(* Let $\alpha>0$, $\beta\ge0$, $\lambda\in[0,1]$ and $z\notin\operatorname{argmin}\phi$. For each $\tau\in(0,\tau_2)\cap(0,T^\lambda(z)]$ and each $t\in[\tau,T^\lambda(z)]$, $$\phi(x_z(t))-\phi^*\le\left(1-\Big[\frac{\alpha(1-\lambda)}{2}+\frac{\beta\mu\tau}{3}\Big]\frac{2\mu\tau^2\Psi(\tau)}{(\alpha+1)^2}\right)\big(\phi(z)-\phi^*\big),$$ where $\Psi(t)=\big(2-\frac{1}{H(t)}\big)^2$.
   Context: Let $\phi:\mathbb{R}^n\to\mathbb{R}$ be twice continuously differentiable, $\mu$-strongly convex ($\mu>0$), with $L$-Lipschitz gradient and minimum value $\phi^*$. For $z\in\mathbb{R}^n$, $x_z$ is the unique $C^1([0,\infty))\cap C^2((0,\infty))$ solution of $\ddot x(t)+\frac{\alpha}{t}\dot x(t)+\beta\nabla^2\phi(x(t))\dot x(t)+\nabla\phi(x(t))=0$ ($t>0$), $x(0)=z$, $\dot x(0)=0$. For $\lambda\in[0,1]$: $\varphi_{z,\lambda}(t)=\frac12\frac{d}{dt}\|\dot x_z(t)\|^2+\lambda\frac{\alpha}{t}\|\dot x_z(t)\|^2$ and $T^\lambda(z)=\inf\{t>0:\varphi_{z,\lambda}(t)\le0\}$. $H(t)=1-\frac{\beta Lt}{\alpha+2}-\frac{Lt^2}{2(\alpha+3)}$ and $\tau_2=-\frac{\alpha+3}{\alpha+2}\beta+\sqrt{\left(\frac{\alpha+3}{\alpha+2}\right)^2\beta^2+\frac{\alpha+3}{L}}$ (so $H(\tau_2)=\frac12$). *)

theory Defs
  imports "HOL-Analysis.Analysis"
begin

definition strongly_convex :: "real \<Rightarrow> ('a::real_inner \<Rightarrow> real) \<Rightarrow> bool" where
  "strongly_convex mu f \<longleftrightarrow> convex_on UNIV (\<lambda>x. f x - mu / 2 * (norm x)\<^sup>2)"

definition H_fun :: "real \<Rightarrow> real \<Rightarrow> real \<Rightarrow> real \<Rightarrow> real" where
  "H_fun \<alpha> \<beta> L t = 1 - \<beta> * L * t / (\<alpha> + 2) - L * t\<^sup>2 / (2 * (\<alpha> + 3))"

definition tau2 :: "real \<Rightarrow> real \<Rightarrow> real \<Rightarrow> real" where
  "tau2 \<alpha> \<beta> L = - (\<alpha> + 3) / (\<alpha> + 2) * \<beta>
     + sqrt (((\<alpha> + 3) / (\<alpha> + 2))\<^sup>2 * \<beta>\<^sup>2 + (\<alpha> + 3) / L)"

definition Psi_fun :: "real \<Rightarrow> real \<Rightarrow> real \<Rightarrow> real \<Rightarrow> real" where
  "Psi_fun \<alpha> \<beta> L t = (2 - 1 / H_fun \<alpha> \<beta> L t)\<^sup>2"

text \<open>varphi_{z,lambda}(t) = (1/2) d/dt |xdot|^2 + lambda alpha/t |xdot|^2, written with
  the velocity v and acceleration a of the trajectory: (1/2) d/dt |v|^2 = v . a.\<close>
definition varphi :: "real \<Rightarrow> real \<Rightarrow> (real \<Rightarrow> 'a::real_inner) \<Rightarrow> (real \<Rightarrow> 'a) \<Rightarrow> real \<Rightarrow> real" where
  "varphi \<alpha> lam v a t = v t \<bullet> a t + lam * \<alpha> / t * (norm (v t))\<^sup>2"

text \<open>T^lambda(z) = inf {t > 0. varphi(t) <= 0}, as an extended real (= infinity if the set is empty).\<close>
definition T_lambda :: "real \<Rightarrow> real \<Rightarrow> (real \<Rightarrow> 'a::real_inner) \<Rightarrow> (real \<Rightarrow> 'a) \<Rightarrow> ereal" where
  "T_lambda \<alpha> lam v a = Inf (ereal ` {t. t > 0 \<and> varphi \<alpha> lam v a t \<le> 0})"

end

theory Submission
  imports Defs
begin

text \<open>As long as \<open>varphi\<close> is positive, i.e. before \<open>T\<^sup>\<lambda>(z)\<close>, the equation and the lower
  Hessian bound \<open>\<mu>\<close> give the dissipation estimate
  \<open>d/ds \<phi>(x(s)) \<le> -((1 - \<lambda>) \<alpha> / s + \<beta> \<mu>) |x'(s)|\<^sup>2\<close>, so \<open>\<phi>(x(s))\<close> decreases.
  On \<open>[0, \<tau>]\<close> the velocity is not small: the weighted momentum
  \<open>s\<^sup>\<alpha> (x'(s) + s / (\<alpha> + 1) \<nabla>\<phi>(z))\<close> has a derivative controlled by the upper Hessian
  bound \<open>L\<close> and the displacement \<open>x(s) - z\<close>, which yields
  \<open>|x'(s)| \<ge> s |\<nabla>\<phi>(z)| (2 - 1 / H(s)) / (\<alpha> + 1)\<close>, a useful bound while \<open>H > 1/2\<close>.
  Integrating the dissipation against this bound on \<open>[0, \<tau>]\<close> and combining it with the
  Polyak-Lojasiewicz inequality \<open>|\<nabla>\<phi>(z)|\<^sup>2 \<ge> 2 \<mu> (\<phi>(z) - \<phi>\<^sup>*)\<close> gives the estimate.\<close>

lemma has_vector_derivative_along_line:
  assumes "(f has_derivative f') (at y)"
  shows "((\<lambda>e. f (y + e *\<^sub>R h)) has_vector_derivative f' h) (at 0)"
proof -
  have "((\<lambda>e::real. y + e *\<^sub>R h) has_vector_derivative h) (at 0)"
    by (auto intro!: derivative_eq_intros)
  from vector_derivative_diff_chain_within[OF this has_derivative_at_withinI] assms
  show ?thesis by (simp add: o_def)
qed

lemma DERIV_le_of_increments_le:
  fixes f :: "real \<Rightarrow> real"
  assumes "(f has_real_derivative D) (at a)"
    and "\<And>e. 0 < e \<Longrightarrow> f (a + e) - f a \<le> K * e"
  shows "D \<le> K"
proof (rule tendsto_upperbound)
  show "((\<lambda>y. (f y - f a) / (y - a)) \<longlongrightarrow> D) (at_right a)"
    using assms(1) has_field_derivative_at_within has_field_derivative_iff by blast
  show "\<forall>\<^sub>F y in at_right a. (f y - f a) / (y - a) \<le> K"
    using eventually_at_right_less
  proof eventually_elim
    case (elim y)
    then show ?case using assms(2)[of "y - a"] by (simp add: divide_le_eq)
  qed
qed simp

lemma convex_on_line:
  assumes "convex_on UNIV f"
  shows "convex_on UNIV (\<lambda>e::real. f (y + e *\<^sub>R d))"
proof (rule convex_onI)
  fix t a b :: real
  assume "0 < t" "t < 1"
  have "y + ((1 - t) *\<^sub>R a + t *\<^sub>R b) *\<^sub>R d = (1 - t) *\<^sub>R (y + a *\<^sub>R d) + t *\<^sub>R (y + b *\<^sub>R d)"
    by (simp add: algebra_simps)
  then show "f (y + ((1 - t) *\<^sub>R a + t *\<^sub>R b) *\<^sub>R d) \<le> (1 - t) * f (y + a *\<^sub>R d) + t * f (y + b *\<^sub>R d)"
    using convex_onD[OF assms] \<open>0 < t\<close> \<open>t < 1\<close> by simp
qed simp

lemma strongly_convex_above_tangent:
  fixes \<phi> :: "'a::real_inner \<Rightarrow> real"
  assumes grad: "\<And>y. (\<phi> has_derivative (\<lambda>h. grad y \<bullet> h)) (at y)"
    and strong: "strongly_convex \<mu> \<phi>"
  shows "\<phi> x + grad x \<bullet> (y - x) + \<mu> / 2 * (norm (y - x))\<^sup>2 \<le> \<phi> y"
proof -
  define d where "d = y - x"
  define \<psi> where "\<psi> w = \<phi> w - \<mu> / 2 * (w \<bullet> w)" for w
  have "convex_on UNIV (\<lambda>e. \<psi> (x + e *\<^sub>R d))"
    using strong convex_on_line unfolding strongly_convex_def \<psi>_def by (simp add: dot_square_norm)
  moreover have "((\<lambda>e. \<psi> (x + e *\<^sub>R d)) has_real_derivative grad x \<bullet> d - \<mu> * (x \<bullet> d)) (at 0)"
  proof -
    have "((\<lambda>e. \<phi> (x + e *\<^sub>R d)) has_real_derivative grad x \<bullet> d) (at 0)"
      using has_vector_derivative_along_line[OF grad] has_real_derivative_iff_has_vector_derivative
      by blast
    then show ?thesis
      unfolding \<psi>_def by (auto intro!: derivative_eq_intros simp: algebra_simps inner_commute)
  qed
  ultimately have "\<psi> (x + 1 *\<^sub>R d) - \<psi> (x + 0 *\<^sub>R d) \<ge> (grad x \<bullet> d - \<mu> * (x \<bullet> d)) * (1 - 0)"
    by (intro convex_on_imp_above_tangent) auto
  then have "grad x \<bullet> d - \<mu> * (x \<bullet> d) \<le> \<psi> y - \<psi> x"
    by (simp add: d_def)
  moreover have "y \<bullet> y = x \<bullet> x + 2 * (x \<bullet> d) + d \<bullet> d"
    by (simp add: d_def algebra_simps inner_commute)
  ultimately show ?thesis
    by (simp add: \<psi>_def d_def[symmetric] power2_norm_eq_inner algebra_simps)
qed

lemma strongly_convex_gradient_monotone:
  fixes \<phi> :: "'a::real_inner \<Rightarrow> real"
  assumes grad: "\<And>y. (\<phi> has_derivative (\<lambda>h. grad y \<bullet> h)) (at y)"
    and strong: "strongly_convex \<mu> \<phi>"
  shows "\<mu> * (norm (y - x))\<^sup>2 \<le> (grad y - grad x) \<bullet> (y - x)"
  using strongly_convex_above_tangent[OF grad strong, of x y]
    strongly_convex_above_tangent[OF grad strong, of y x]
  by (simp add: norm_minus_commute inner_diff_left inner_diff_right inner_commute)

lemma strongly_convex_gradient_dominated:
  fixes \<phi> :: "'a::real_inner \<Rightarrow> real"
  assumes grad: "\<And>y. (\<phi> has_derivative (\<lambda>h. grad y \<bullet> h)) (at y)"
    and strong: "strongly_convex \<mu> \<phi>" and "\<mu> \<ge> 0"
  shows "2 * \<mu> * (\<phi> x - \<phi> y) \<le> (norm (grad x))\<^sup>2"
proof -
  define g where "g = grad x"
  define d where "d = y - x"
  have "2 * \<mu> * (\<phi> x - \<phi> y) \<le> 2 * \<mu> * (- (g \<bullet> d) - \<mu> / 2 * (norm d)\<^sup>2)"
    using strongly_convex_above_tangent[OF grad strong, of x y] \<open>\<mu> \<ge> 0\<close>
    by (intro mult_left_mono) (auto simp: g_def d_def)
  also have "\<dots> = (norm g)\<^sup>2 - (norm (g + \<mu> *\<^sub>R d))\<^sup>2"
    by (simp add: power2_norm_eq_inner inner_commute algebra_simps)
  also have "\<dots> \<le> (norm g)\<^sup>2" by simp
  finally show ?thesis by (simp add: g_def)
qed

## YOUR ASSIGNMENT
Using the data above, print exactly the lines from the line that contains "proof (rule convex_onI)" through the line that contains "b) *\<^sub>R d)", with both included.

## SOLUTION TO THIS PROBLEM
proof (rule convex_onI)
  fix t a b :: real
  assume "0 < t" "t < 1"
  have "y + ((1 - t) *\<^sub>R a + t *\<^sub>R b) *\<^sub>R d = (1 - t) *\<^sub>R (y + a *\<^sub>R d) + t *\<^sub>R (y + b *\<^sub>R d)"
    by (simp add: algebra_simps)
  then show "f (y + ((1 - t) *\<^sub>R a + t *\<^sub>R b) *\<^sub>R d) \<le> (1 - t) * f (y + a *\<^sub>R d) + t * f (y + b *\<^sub>R d)"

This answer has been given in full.